Participant characteristics
In this case-control study, adult patients (age >19 years) newly diagnosed with oral squamous cell carcinoma were enrolled from the National Cancer Center, Korea, and Seoul National University Dental Hospital, covering various oral-cavity regions. Healthy controls were recruited from the cancer-screening cohort of the National Cancer Center of the Republic of Korea. This study consisted of 1022 participants. The discovery and validation datasets included 637 patients (104 with oral cancer and 533 controls) and 385 patients (53 with oral cancer and 332 controls), respectively. Ethical approval was obtained from the National Cancer Center, Korea (IRB approval numbers NCC2019-0050, NCC2019-0116, and CRI15017), and written informed consent was obtained from all participants. All participants were interviewed to assess their sociodemographic characteristics using a structured questionnaire, followed by physical examinations.
Saliva and blood sample collection
Baseline saliva samples from participants were collected after a 1 h fasting period and stored in 1.5 mL tubes at -80 °C. Blood samples were drawn from their antecubital veins into BD Vacutainer K2 EDTA tubes after a 12 h fast and centrifuged at 3,000 rpm for 20 min at 4 °C. The resulting plasma, buffy coat, and red blood cell samples were stored at -80 °C.
Oral microbiome characterization based on 16S rRNA gene amplification and sequencing
Microbial DNA was extracted from saliva samples using a Fast DNA Spin Kit (MP Biomedicals, CA, USA). DNA quality and quantity were checked using a Qubit dsDNA BR Kit and a fluorometer (Life Technologies, CA, USA). Polymerase chain reaction products were purified from 2% agarose gels and secondarily amplified with Illumina NexTera barcodes using primers from Bionics Cosmogenetech (Seoul, Korea; Table S9).

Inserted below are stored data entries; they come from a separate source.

lemma segment_point_at_distance:
  assumes star: "\<forall>k\<in>K. \<forall>t\<in>{0..1}. (\<lambda>i\<in>{..<n}. (1 - t) * ks i + t * k i) \<in> K"
    and k: "k \<in> K" and r: "0 \<le> r" "r \<le> sqrt (sqnorm n (\<lambda>i. k i - ks i))"
  shows "\<exists>mu\<in>K. sqnorm n (\<lambda>i. mu i - ks i) = r\<^sup>2"
proof -
  define \<rho> where "\<rho> = sqrt (sqnorm n (\<lambda>i. k i - ks i))"
  define t where "t = r / \<rho>" \<comment> \<open>when \<rho> = 0 also r = 0, and t = 0 because r / 0 = 0\<close>
  define mu where "mu = (\<lambda>i\<in>{..<n}. (1 - t) * ks i + t * k i)"
  have "t \<in> {0..1}"
    using r sqnorm_nonneg[of n "\<lambda>i. k i - ks i"] unfolding t_def \<rho>_def by (auto simp: divide_le_eq_1)
  then have "mu \<in> K"
    unfolding mu_def using star k by blast
  have "sqnorm n (\<lambda>i. mu i - ks i) = t\<^sup>2 * sqnorm n (\<lambda>i. k i - ks i)"
    unfolding mu_def sqnorm_def
    by (auto simp: sum_distrib_left power2_eq_square algebra_simps intro!: sum.cong)
  also have "\<dots> = t\<^sup>2 * \<rho>\<^sup>2"
    by (simp add: \<rho>_def sqnorm_nonneg)
  also have "\<dots> = r\<^sup>2"
    using r unfolding t_def \<rho>_def[symmetric] by (cases "\<rho> = 0") (simp_all add: power_divide)
  finally show ?thesis
    using \<open>mu \<in> K\<close> by blast
qed

lemma star_shaped_point_at_sqdist:
  assumes K: "bounded_n n K" "ks \<in> K"
    and star: "\<forall>k\<in>K. \<forall>t\<in>{0..1}. (\<lambda>i\<in>{..<n}. (1 - t) * ks i + t * k i) \<in> K"
    and \<delta>2: "0 \<le> \<delta>2" "\<delta>2 \<le> (diam_n n K)\<^sup>2 / 16"
  shows "\<exists>mu\<in>K. sqnorm n (\<lambda>i. mu i - ks i) = \<delta>2"
proof -
  obtain k where k: "k \<in> K" and far: "diam_n n K / 4 \<le> sqrt (sqnorm n (\<lambda>i. k i - ks i))"
    using exists_far_point[OF K] by blast
  have "0 \<le> diam_n n K"
    using dist_le_diam_n[OF K(1) K(2) K(2)] by (simp add: sqnorm_def)
  have "sqrt \<delta>2 \<le> sqrt ((diam_n n K / 4)\<^sup>2)"
    using \<delta>2(2) by (intro real_sqrt_le_mono) (simp add: power_divide)
  also have "\<dots> \<le> sqrt (sqnorm n (\<lambda>i. k i - ks i))"
    using \<open>0 \<le> diam_n n K\<close> far by simp
  finally show ?thesis
    using segment_point_at_distance[OF star k real_sqrt_ge_zero[OF \<delta>2(1)]] \<delta>2(1) by simp
qed
(* Let $\pi\colon(T,X)\to(T,Y)$ be a nontrivial extension of compact metric flows with $(T,Y)$ minimal. Suppose that $\mathtt R_\pi$ has a dense set of a.p. points and that $\pi$ is weakly mixing. Then there exists a residual set $Y_{\mathrm{LY}}\subseteq Y$ such that for every $y\in Y_{\mathrm{LY}}$, the fiber $\pi^{-1}y$ has no isolated points and contains an uncountable subset $B$ which is dense in $\pi^{-1}y$ and is Li-Yorke scrambled for $\pi$ relative to $\mathtt R_\pi$.
   Context: $\mathtt R_\pi=\{(x_1,x_2):\pi x_1=\pi x_2\}$ with diagonal $T$-action; $\Delta_X$ the diagonal; nontrivial means $\mathtt R_\pi\ne\Delta_X$. A point is a.p. if its return-time sets to neighborhoods are syndetic in $T$. $\pi$ is weakly mixing if $(T,\mathtt R_\pi)$ is topologically transitive (for nonempty open $U,V\subseteq\mathtt R_\pi$ some $t$ has $V\cap tU\ne\emptyset$). For closed $L$ with $\Delta_X\subsetneq L\subseteq\mathtt R_\pi$, $(x,x')$ is a Li-Yorke pair for $\pi$ rel. $L$ if $(x,x')\in\mathtt R_\pi$ and $L\subseteq\overline{T(x,x')}$; a set $S\subseteq X$ is Li-Yorke scrambled for $\pi$ rel. $L$ if every $(x,x')\in S\times S$ with $x\ne x'$ is a Li-Yorke pair for $\pi$ rel. $L$. *)

theory Defs
  imports "HOL-Analysis.Analysis"
begin

text \<open>Flows: a (not necessarily abelian) topological group T, written additively
  (class topological_group_add), acting continuously on a compact space.
  The phase spaces are the whole types 'x, 'y (compact metric: metric_space
  with compact UNIV).\<close>

definition flow :: "('g::topological_group_add \<Rightarrow> 'x::topological_space \<Rightarrow> 'x) \<Rightarrow> bool" where
  "flow act \<longleftrightarrow> (\<forall>x. act 0 x = x) \<and> (\<forall>s t x. act (s + t) x = act s (act t x))
     \<and> continuous_on UNIV (\<lambda>(t, x). act t x)"

definition extension ::
  "('g::topological_group_add \<Rightarrow> 'x::topological_space \<Rightarrow> 'x) \<Rightarrow>
   ('g \<Rightarrow> 'y::topological_space \<Rightarrow> 'y) \<Rightarrow> ('x \<Rightarrow> 'y) \<Rightarrow> bool" where
  "extension actX actY \<pi> \<longleftrightarrow> continuous_on UNIV \<pi> \<and> surj \<pi> \<and> (\<forall>t x. \<pi> (actX t x) = actY t (\<pi> x))"

definition minimal_flow :: "('g::topological_group_add \<Rightarrow> 'y::topological_space \<Rightarrow> 'y) \<Rightarrow> bool" where
  "minimal_flow act \<longleftrightarrow> (\<forall>M. closed M \<and> M \<noteq> {} \<and> (\<forall>t. act t ` M \<subseteq> M) \<longrightarrow> M = UNIV)"

definition Rpi :: "('x \<Rightarrow> 'y) \<Rightarrow> ('x \<times> 'x) set" where
  "Rpi \<pi> = {(x1, x2). \<pi> x1 = \<pi> x2}"

definition diag_act :: "('g \<Rightarrow> 'x \<Rightarrow> 'x) \<Rightarrow> 'g \<Rightarrow> 'x \<times> 'x \<Rightarrow> 'x \<times> 'x" where
  "diag_act act t p = (act t (fst p), act t (snd p))"
(* Let $\Lambda$ be a row-finite, cofinal $k$-graph with no sources and $R$ a commutative ring with $1$. Let $a$ be a nonzero element of the center $Z(\mathrm{KP}_R(\Lambda))$, written in normal form $a=\sum_{(\alpha,\beta)\in F}r_{\alpha,\beta}s_\alpha s_{\beta^*}$. Then $\{v\in\Lambda^0: v=r(\beta)\text{ for some }(\alpha,\beta)\in F\}=\Lambda^0$.
   Context: A $k$-graph is a countable category $\Lambda$ with a functor $d:\Lambda\to\mathbb{N}^k$ ($\mathbb{N}^k$ a one-object category under addition) with unique factorization: whenever $d(\lambda)=m+n$ there are unique $\mu,\nu$ with $d(\mu)=m,d(\nu)=n,\lambda=\mu\nu$. $\Lambda^0$ = vertices (degree-$0$ morphisms), $\Lambda^n=d^{-1}(n)$, $r,s$ range and source, $v\Lambda^n=\{\lambda\in\Lambda^n:r(\lambda)=v\}$. Row-finite: $v\Lambda^n$ finite; no sources: $v\Lambda^n\ne\emptyset$. An infinite path is a degree-preserving functor $x$ from $\Omega_k$ (objects $\mathbb{N}^k$, morphisms $(m,n)$ with $m\le n$, $r(m,n)=m$, $s(m,n)=n$, $d(m,n)=n-m$) to $\Lambda$; $x(m):=x(m,m)$. Cofinal: for every infinite path $x$ and vertex $v$ there are $m$ and a path $\lambda$ with $r(\lambda)=v$, $s(\lambda)=x(m)$. Kumjian-Pask $\Lambda$-family in an $R$-algebra $A$: $P:\Lambda^0\to A$, $S:\Lambda^{\ne0}\cup\{\lambda^*:\lambda\in\Lambda^{\neq0}\}\to A$ with (KP1) $P_v$ mutually orthogonal idempotents; (KP2) for $r(\mu)=s(\lambda)$: $S_\lambda S_\mu=S_{\lambda\mu}$, $S_{\mu^*}S_{\lambda^*}=S_{(\lambda\mu)^*}$, $P_{r(\lambda)}S_\lambda=S_\lambda=S_\lambda P_{s(\lambda)}$, $P_{s(\lambda)}S_{\lambda^*}=S_{\lambda^*}=S_{\lambda^*}P_{r(\lambda)}$; (KP3) $S_{\lambda^*}S_\mu=\delta_{\lambda,\mu}P_{s(\lambda)}$ when $d(\lambda)=d(\mu)$; (KP4) $P_v=\sum_{\lambda\in v\Lambda^n}S_\lambda S_{\lambda^*}$ for $n\ne0$. $\mathrm{KP}_R(\Lambda)$ is the $R$-algebra generated by a universal such family $(p,s)$; $s_v=s_{v^*}=p_v$ for vertices $v$. Normal form: $a=\sum_{(\alpha,\beta)\in F}r_{\alpha,\beta}s_\alpha s_{\beta^*}$ with $F\subset\Lambda\times\Lambda^m$ finite for some $m\in\mathbb{N}^k$, all $r_{\alpha,\beta}\in R\setminus\{0\}$, and $s(\alpha)=s(\beta)$ for all $(\alpha,\beta)\in F$. *)

theory Defs
  imports Main "HOL-Library.Countable_Set"
begin

text \<open>Degrees live in N^k, represented as functions 'k => nat for a finite index
type 'k (so k = CARD('k)). A k-graph is given by its set of morphisms L, range and
source maps r s (to identity morphisms = vertices), a partial composition c
(meaningful when s lam = r mu) and the degree functor d.\<close>

type_synonym 'k deg = "'k \<Rightarrow> nat"

definition dadd :: "'k deg \<Rightarrow> 'k deg \<Rightarrow> 'k deg" where
  "dadd m n = (\<lambda>i. m i + n i)"

definition dsub :: "'k deg \<Rightarrow> 'k deg \<Rightarrow> 'k deg" where
  "dsub m n = (\<lambda>i. m i - n i)"

definition dzero :: "'k deg" where
  "dzero = (\<lambda>i. 0)"
lemma round_ties_down_on_Delta:
  assumes int: "integer_valued X d" and f: "f \<in> Delta X d"
    and ties: "\<And>x. x \<in> L \<Longrightarrow> f x + 1/2 \<in> \<int>"
    and indep: "\<And>x y. x \<in> L \<Longrightarrow> y \<in> L \<Longrightarrow> f x + f y \<noteq> d x y"
  shows "(\<lambda>x. real_of_int (round_ties_down_on L f x)) \<in> Delta X d"
  unfolding Delta_def
proof (intro CollectI ballI)
  fix x y assume xy: "x \<in> X" "y \<in> X"
  let ?r = "round_ties_down_on L f"
  obtain n where n: "d x y = of_int n" using integer_valuedE[OF int xy] .
  have "d x y \<le> f x + f y" using f xy by (simp add: Delta_def)
  then have above: "of_int n \<le> f x + f y" using n by simp
  show "d x y \<le> of_int (?r x) + of_int (?r y)"
  proof (cases "x \<in> L \<and> y \<in> L")
    case True
    then have "f x + 1/2 \<in> \<int>" "f y + 1/2 \<in> \<int>" using ties by auto
    then have "(f x + 1/2) + (f y + 1/2) - 1 \<in> \<int>" by (metis Ints_1 Ints_add Ints_diff)
    moreover have "(f x + 1/2) + (f y + 1/2) - 1 = f x + f y" by simp
    ultimately obtain k where k: "f x + f y = of_int k" by (metis Ints_cases)
    have "k \<noteq> n" using indep[of x y] True k n by auto
    then have "n + 1 \<le> k" using above k by simp
    moreover have "?r x + ?r y = k - 1"
      using round_ties_down_on_tie[of f x L] round_ties_down_on_tie[of f y L] True ties k by auto
    ultimately show ?thesis using n by simp
  next
    case False
    then have "-1 < (?r x - f x) + (?r y - f y)"
      using round_ties_down_on_error_gt[of x L f] round_ties_down_on_error_gt[of y L f]
        round_ties_down_on_error[of L f x] round_ties_down_on_error[of L f y] by auto
    then have "n \<le> ?r x + ?r y" using above by linarith
    then show ?thesis using n by simp
  qed
qed

lemma round_ties_down_on_tight:
  assumes sym: "\<And>x y. x \<in> X \<Longrightarrow> y \<in> X \<Longrightarrow> d x y = d y x"
    and int: "integer_valued X d" and f: "f \<in> E_set X d"
    and LX: "L \<subseteq> X" and ties: "\<And>x. x \<in> L \<Longrightarrow> f x + 1/2 \<in> \<int>"
    and indep: "\<And>x y. x \<in> L \<Longrightarrow> y \<in> L \<Longrightarrow> f x + f y \<noteq> d x y"
    and partner: "\<And>x. x \<in> X \<Longrightarrow> x \<notin> L \<Longrightarrow> f x + 1/2 \<in> \<int> \<Longrightarrow> \<exists>y\<in>L. f x + f y = d x y"
    and x: "x \<in> X"
  shows "\<exists>y\<in>X. real_of_int (round_ties_down_on L f x) + round_ties_down_on L f y = d x y"
proof -
  let ?r = "round_ties_down_on L f"
  have D: "(\<lambda>x. real_of_int (?r x)) \<in> Delta X d"
    using round_ties_down_on_Delta[OF int _ ties indep] f by (simp add: E_set_def)
  show ?thesis
  proof (cases "x \<notin> L \<and> f x + 1/2 \<in> \<int>")
    case True
    then obtain y where y: "y \<in> L" "f x + f y = d x y" using partner x by blast
    have "?r x - f x = 1/2" "?r y - f y = -1/2"
      using round_ties_down_on_tie[of f x L] round_ties_down_on_tie[of f y L] True y ties by auto
    then show ?thesis using y LX by (intro bexI[of _ y]) auto
  next
    case False
    then have "?r x - f x < 1/2" by (intro round_ties_down_on_error_lt) auto
    then obtain y where y: "y \<in> X" "f x + f y < d x y + (1/2 - (?r x - f x))"
      using E_set_almost_tight[OF sym f x] by (metis diff_gt_0_iff_gt)
    obtain n where n: "d x y = of_int n" using integer_valuedE[OF int x y(1)] .
    have "?r x + ?r y < n + 1"
      using y n round_ties_down_on_error(2)[of L f y] by linarith
    moreover have "d x y \<le> ?r x + ?r y" using D x y(1) by (simp add: Delta_def)
    then have "n \<le> ?r x + ?r y" using n by (metis of_int_add of_int_le_iff)
    ultimately show ?thesis using y n by (intro bexI[of _ y]) simp_all
  qed
qed

lemma E_set_integer_approximation:
  assumes sym: "\<And>x y. x \<in> X \<Longrightarrow> y \<in> X \<Longrightarrow> d x y = d y x"
    and diag: "\<And>x. x \<in> X \<Longrightarrow> d x x = 0"
    and int: "integer_valued X d" and f: "f \<in> E_set X d"
  shows "\<exists>g\<in>E_set' X d. (\<forall>x\<in>X. g x \<in> \<int>) \<and> (\<forall>x\<in>X. \<bar>f x - g x\<bar> \<le> 1/2)"
proof -
  define H where "H = {x\<in>X. f x + 1/2 \<in> \<int>}"
  obtain L where L: "L \<subseteq> H" and indep: "\<forall>x\<in>L. \<forall>y\<in>L. f x + f y \<noteq> d x y"
    and maximal: "\<forall>x\<in>H - L. \<exists>y\<in>insert x L. f x + f y = d x y \<or> f y + f x = d y x"
    using exists_maximal_independent_subset[of H "\<lambda>x y. f x + f y = d x y"] by blast
  have LX: "L \<subseteq> X" and ties: "\<And>x. x \<in> L \<Longrightarrow> f x + 1/2 \<in> \<int>"
    using L by (auto simp: H_def)
  have partner: "\<exists>y\<in>L. f x + f y = d x y" if x: "x \<in> X" "x \<notin> L" "f x + 1/2 \<in> \<int>" for x
  proof -
    have "x \<in> H - L" using x by (simp add: H_def)
    then obtain y where y: "y \<in> insert x L" "f x + f y = d x y \<or> f y + f x = d y x"
      using maximal by blast
    have "y \<in> X" using y x LX by auto
    then have tight: "f x + f y = d x y" using y sym[OF x(1)] by (auto simp: add.commute)
    have "y \<noteq> x"
    proof
      assume "y = x"
      then have "f x = 0" using tight diag[OF x(1)] by simp
      then obtain n :: int where "1/2 = (of_int n :: real)" using x(3) by (auto elim: Ints_cases)
      then have "2 * n = 1" by (simp flip: of_int_eq_1_iff)
      then show False by presburger
    qed
    then show ?thesis using y tight by auto
  qed
  define g where "g x = real_of_int (round_ties_down_on L f x)" for x
  have "g \<in> E_set' X d"
  proof (rule E_set'I)
    show "g \<in> Delta X d"
      unfolding g_def using round_ties_down_on_Delta[OF int _ ties] f indep by (simp add: E_set_def)
    show "\<exists>y\<in>X. g x + g y = d x y" if "x \<in> X" for x
      unfolding g_def using round_ties_down_on_tight[OF sym int f LX ties _ partner that] indep by simp
  qed
  moreover have "\<bar>f x - g x\<bar> \<le> 1/2" for x
    using round_ties_down_on_error[of L f x] unfolding g_def abs_le_iff by linarith
  ultimately show ?thesis by (intro bexI[of _ g]) (auto simp: g_def)
qed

Amplicons were pooled at ChunLab (South Korea), and DNA was isolated and sequenced using the Illumina iSeq100 platform (Illumina Inc., CA, USA) at the National Cancer Center, SK. Primers 341F and 805R (Supplementary Table 9) (Bionics Cosmogenetech) were used to amplify the V4 region of the 16S rRNA gene. Bacteria were classified based on taxonomic data provided by EzBioCloud 18. Poor-quality sequence reads of <80 base pairs (bp) or >2,000 bp were excluded. Taxonomic analysis was performed using the USEARCH tool. The UPARSE algorithm was used to classify the reads into operational taxonomic units (OTUs) with 97% similarity. Single-end reads were clustered into OTUs using UCLUST and the cut-off numbers.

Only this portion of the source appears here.